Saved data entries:
————

(* For a directed graph $\vec G$ on $[n]$, let $\vec G_{\mathrm{fwd}}$ be the undirected graph whose edges are the forward edges of $\vec G$. Then: (i) $\mathcal{F}_{\vec G(n,p)}$ has the same distribution as $\mathcal{F}_{G(n,p)}$; (ii) $(\vec G(n,p))_{\mathrm{fwd}}$ has the same distribution as $G(n,p)$; (iii) one can couple $G(n,p)$ and $\vec G(n,p)$ as follows: first sample $G(n,p)$, which gives a depth-first ordering $(v_0,\dots,v_{n-1})$ of $[n]$; then let $\vec G_{\mathrm{fwd}}(n,p)=G(n,p)$ and add to it each of the possible back edges $(v_i,v_j)$, $j<i$, independently with probability $p$.
   Context: $[n]=\{1,\dots,n\}$. $\vec G(n,p)$: each of the $n(n-1)$ directed edges $(i,j)$, $i\ne j$, present independently with probability $p$. $G(n,p)$: each of the $\binom n2$ undirected edges present independently with probability $p$. Depth-first exploration. For a directed graph $\vec G$ (resp. undirected graph $G$) on $[n]$, define inductively for $i=0,\dots,n$ an ordered list $\mathcal O_i$ (open vertices) and a set $\mathcal A_i$ (explored vertices): $\mathcal O_0=(1)$, $\mathcal A_0=\emptyset$. Given $\mathcal O_i,\mathcal A_i$, let $v_i$ be the first element of $\mathcal O_i$, $\mathcal A_{i+1}=\mathcal A_i\cup\{v_i\}$, and $\mathcal N_i$ the set of out-neighbours (resp. neighbours) of $v_i$ not in $\mathcal O_i\cup\mathcal A_i$. $\mathcal O_{i+1}$ is obtained from $\mathcal O_i$ by removing $v_i$ and placing the elements of $\mathcal N_i$ in increasing order at the start (the smallest element of $\mathcal N_i$ becomes first); if this gives $\mathcal O_{i+1}=\emptyset$, instead let $\mathcal O_{i+1}$ consist of the smallest element of $[n]\setminus\mathcal A_{i+1}$. The forest $\mathcal F_{\vec G}$ (resp. $\mathcal F_G$) has an edge from $x$ to $y$ iff $x=v_i$ and $y\in\mathcal N_i$ for some $i$. The order $(v_0,\dots,v_{n-1})$ is the depth-first ordering. An edge $(v_i,v_j)$ of $\vec G$ is a forward edge if $i<j$ and a back edge if $j<i$. *)

theory Defs
  imports "HOL-Probability.Probability"
begin
lemma nn_integral_real_bounds:
  fixes g h :: "'a \<Rightarrow> real"
  assumes [measurable]: "g \<in> borel_measurable N"
    and bounds: "AE v in N. 0 \<le> g v \<and> c\<^sub>1 * g v \<le> h v \<and> h v \<le> c\<^sub>2 * g v" and "0 \<le> c\<^sub>2"
    and G: "ennreal G = (\<integral>\<^sup>+ v. g v \<partial>N)" "0 \<le> G"
    and H: "ennreal H = (\<integral>\<^sup>+ v. h v \<partial>N)" "0 \<le> H"
  shows "c\<^sub>1 * G \<le> H \<and> H \<le> c\<^sub>2 * G"
proof -
  have cmult: "ennreal (c * G) = (\<integral>\<^sup>+ v. ennreal (c * g v) \<partial>N)" for c
  proof -
    have "AE v in N. ennreal (c * g v) = ennreal c * g v"
      using bounds by eventually_elim (simp add: ennreal_mult'')
    then have "(\<integral>\<^sup>+ v. ennreal (c * g v) \<partial>N) = (\<integral>\<^sup>+ v. ennreal c * g v \<partial>N)"
      by (rule nn_integral_cong_AE)
    then show ?thesis by (simp add: nn_integral_cmult G ennreal_mult'')
  qed
  have "ennreal (c\<^sub>1 * G) \<le> ennreal H" "ennreal H \<le> ennreal (c\<^sub>2 * G)"
    unfolding cmult H
    by (intro nn_integral_mono_AE, use bounds in eventually_elim, simp add: ennreal_leI)+
  then show ?thesis using \<open>0 \<le> c\<^sub>2\<close> G(2) H(2) by simp
qed

lemma regularly_varying_nn_integral_scale:
  fixes f G :: "real \<Rightarrow> real" and a :: "'a \<Rightarrow> real"
  assumes "prob_space N" and f: "regularly_varying \<rho> f"
    and [measurable]: "f \<in> borel_measurable borel" "a \<in> borel_measurable N"
    and a: "AE v in N. 1 \<le> a v"
    and G_nonneg: "\<And>x. 0 \<le> G x" and G: "\<And>x. ennreal (G x) = (\<integral>\<^sup>+ v. f (x * a v) \<partial>N)"
  shows "regularly_varying \<rho> G"
proof -
  interpret prob_space N by fact
  have f_pos: "\<forall>\<^sub>F y in at_top. 0 < f y"
    and f_ratio: "\<And>t. t > 0 \<Longrightarrow> ((\<lambda>y. f (t * y) / f y) \<longlongrightarrow> t powr \<rho>) at_top"
    using f unfolding regularly_varying_def by auto
  have G_pos: "\<forall>\<^sub>F x in at_top. 0 < G x"
    using eventually_AE_scale[OF a f_pos]
  proof eventually_elim
    case (elim x)
    then have "0 < (\<integral>\<^sup>+ v. f (x * a v) \<partial>N)"
      by (intro nn_integral_pos) simp_all
    then show ?case by (simp flip: G)
  qed
  show ?thesis unfolding regularly_varying_def
  proof (intro conjI allI impI G_pos)
    fix t :: real assume t: "t > 0"
    show "((\<lambda>x. G (t * x) / G x) \<longlongrightarrow> t powr \<rho>) at_top"
      unfolding ratio_tendsto_iff_eventually_bounds[OF G_pos]
    proof (intro allI impI)
      fix e :: real assume "e > 0"
      with f_ratio[OF t] have "\<forall>\<^sub>F y in at_top.
          (t powr \<rho> - e) * f y \<le> f (t * y) \<and> f (t * y) \<le> (t powr \<rho> + e) * f y"
        using ratio_tendsto_iff_eventually_bounds[OF f_pos] by auto
      with f_pos have "\<forall>\<^sub>F y in at_top. 0 \<le> f y \<and>
          (t powr \<rho> - e) * f y \<le> f (t * y) \<and> f (t * y) \<le> (t powr \<rho> + e) * f y"
        by eventually_elim simp
      then have "\<forall>\<^sub>F x in at_top. AE v in N. 0 \<le> f (x * a v) \<and>
          (t powr \<rho> - e) * f (x * a v) \<le> f (t * x * a v) \<and>
          f (t * x * a v) \<le> (t powr \<rho> + e) * f (x * a v)"
        unfolding mult.assoc by (rule eventually_AE_scale[OF a])
      then show "\<forall>\<^sub>F x in at_top.
          (t powr \<rho> - e) * G x \<le> G (t * x) \<and> G (t * x) \<le> (t powr \<rho> + e) * G x"
        by eventually_elim
           (rule nn_integral_real_bounds; use \<open>e > 0\<close> G G_nonneg in \<open>simp add: add_pos_pos\<close>)
    qed
  qed
qed
(* Let $n,N,M,K\geq 1$, let $D=-i\sum_{j=1}^n\hat{D}_j\partial_j$ with $\hat{D}_j\in\mathcal{L}(\mathbb{C}^N,\mathbb{C}^M)$ and symbol $\hat{D}(\xi)=\sum_j\hat{D}_j\xi_j$, and let $A\in L^\infty(\mathbb{R}^n;\mathcal{L}(\mathbb{C}^M,\mathbb{C}^K))$. Suppose that for some $p\in[1,\infty)$ there is $c>0$ with $$\|ADu\|_{L^p(\mathbb{R}^n;\mathbb{C}^K)}\geq c\|Du\|_{L^p(\mathbb{R}^n;\mathbb{C}^M)}\qquad\text{for all }u\in C_c^\infty(\mathbb{R}^n;\mathbb{C}^N).$$ Then there is $c'>0$ such that $|A(x)\hat{D}(\xi)v|\geq c'|\hat{D}(\xi)v|$ for all $\xi\in\mathbb{R}^n$, all $v\in\mathbb{C}^N$, and almost every $x\in\mathbb{R}^n$. *)

theory Defs
  imports "HOL-Analysis.Analysis"
begin

definition partial_deriv :: "(real^'n \<Rightarrow> 'a::real_normed_vector) \<Rightarrow> 'n \<Rightarrow> real^'n \<Rightarrow> 'a" where
  "partial_deriv f j x = frechet_derivative f (at x) (axis j 1)"

coinductive smooth_fun :: "(real^'n \<Rightarrow> 'a::real_normed_vector) \<Rightarrow> bool" where
  "(\<forall>x. f differentiable (at x)) \<Longrightarrow> (\<forall>j. smooth_fun (partial_deriv f j)) \<Longrightarrow> smooth_fun f"

definition test_fun :: "(real^'n \<Rightarrow> 'a::real_normed_vector) \<Rightarrow> bool" where
  "test_fun u \<longleftrightarrow> smooth_fun u \<and> compact (closure {x. u x \<noteq> 0})"

definition diff_op :: "('n \<Rightarrow> complex^'N^'M) \<Rightarrow> (real^'n \<Rightarrow> complex^'N) \<Rightarrow> real^'n \<Rightarrow> complex^'M" where
  "diff_op Dh u x = (- \<i>) *s (\<Sum>j\<in>UNIV. Dh j *v partial_deriv u j x)"

definition symbol :: "('n \<Rightarrow> complex^'N^'M) \<Rightarrow> real^'n \<Rightarrow> complex^'N^'M" where
  "symbol Dh \<xi> = (\<Sum>j\<in>UNIV. (\<xi> $ j) *\<^sub>R Dh j)"

definition Lp_norm :: "real \<Rightarrow> (real^'n \<Rightarrow> 'a::real_normed_vector) \<Rightarrow> real" where
  "Lp_norm p f = (\<integral>x. norm (f x) powr p \<partial>lebesgue) powr (1 / p)"

definition Linfty :: "(real^'n \<Rightarrow> 'a::real_normed_vector) \<Rightarrow> bool" where
  "Linfty A \<longleftrightarrow> A \<in> borel_measurable lebesgue \<and> (\<exists>B. AE x in lebesgue. norm (A x) \<le> B)"

end

theory Submission
  imports Defs "HOL-Computational_Algebra.Polynomial"
begin

text \<open>
  Test the inequality on the wave packets \<open>u = e^(i \<lambda> \<xi>\<cdot>x) \<phi> v\<close>, where \<open>\<phi>\<close> is a smooth
  bump supported in a box. Since \<open>D u = e^(i \<lambda> \<xi>\<cdot>x) (\<lambda> \<phi> Dhat(\<xi>) v + D(\<phi> v))\<close>, dividing
  by \<open>\<lambda>\<close> and letting \<open>\<lambda> \<rightarrow> \<infinity>\<close> (dominated convergence) yields
  \<open>c^p \<integral> \<phi>^p |w|^p \<le> \<integral> \<phi>^p |A w|^p\<close> for \<open>w = Dhat(\<xi>) v\<close> and every box.
  If \<open>|A w|^p < c^p |w|^p - \<gamma>\<close> held on a set \<open>E\<close> of positive measure, a box in which \<open>E\<close>
  has density close to one (found by covering \<open>E\<close> from outside with dyadic boxes) would
  violate this weighted inequality, because \<open>\<phi>\<close> is bounded below on the middle half of
  its box. Hence \<open>|A(x) w| \<ge> c |w|\<close> almost everywhere, i.e. \<open>c' = c\<close> works.
\<close>

lemma norm_vector_smult: "norm ((c::'a::real_normed_div_algebra) *s (y::'a^'n::finite)) = norm c * norm y"
  by (simp add: norm_vec_def norm_mult L2_set_right_distrib)

lemma bounded_bilinear_vector_smult:
  "bounded_bilinear (\<lambda>(c::'a::real_normed_field) (y::'a^'n::finite). c *s y)"
proof (rule bounded_bilinear.intro)
  show "\<exists>K. \<forall>c (y::'a^'n). norm (c *s y) \<le> norm c * norm y * K"
    by (rule exI[of _ 1]) (simp add: norm_vector_smult)
qed (simp_all add: vec_eq_iff algebra_simps)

————

*EXERCISE DESCRIPTION*.
For every line of the data above that contains "which", copy that line.

*TASK RESPONSE*.
(* For a directed graph $\vec G$ on $[n]$, let $\vec G_{\mathrm{fwd}}$ be the undirected graph whose edges are the forward edges of $\vec G$. Then: (i) $\mathcal{F}_{\vec G(n,p)}$ has the same distribution as $\mathcal{F}_{G(n,p)}$; (ii) $(\vec G(n,p))_{\mathrm{fwd}}$ has the same distribution as $G(n,p)$; (iii) one can couple $G(n,p)$ and $\vec G(n,p)$ as follows: first sample $G(n,p)$, which gives a depth-first ordering $(v_0,\dots,v_{n-1})$ of $[n]$; then let $\vec G_{\mathrm{fwd}}(n,p)=G(n,p)$ and add to it each of the possible back edges $(v_i,v_j)$, $j<i$, independently with probability $p$.
  If \<open>|A w|^p < c^p |w|^p - \<gamma>\<close> held on a set \<open>E\<close> of positive measure, a box in which \<open>E\<close>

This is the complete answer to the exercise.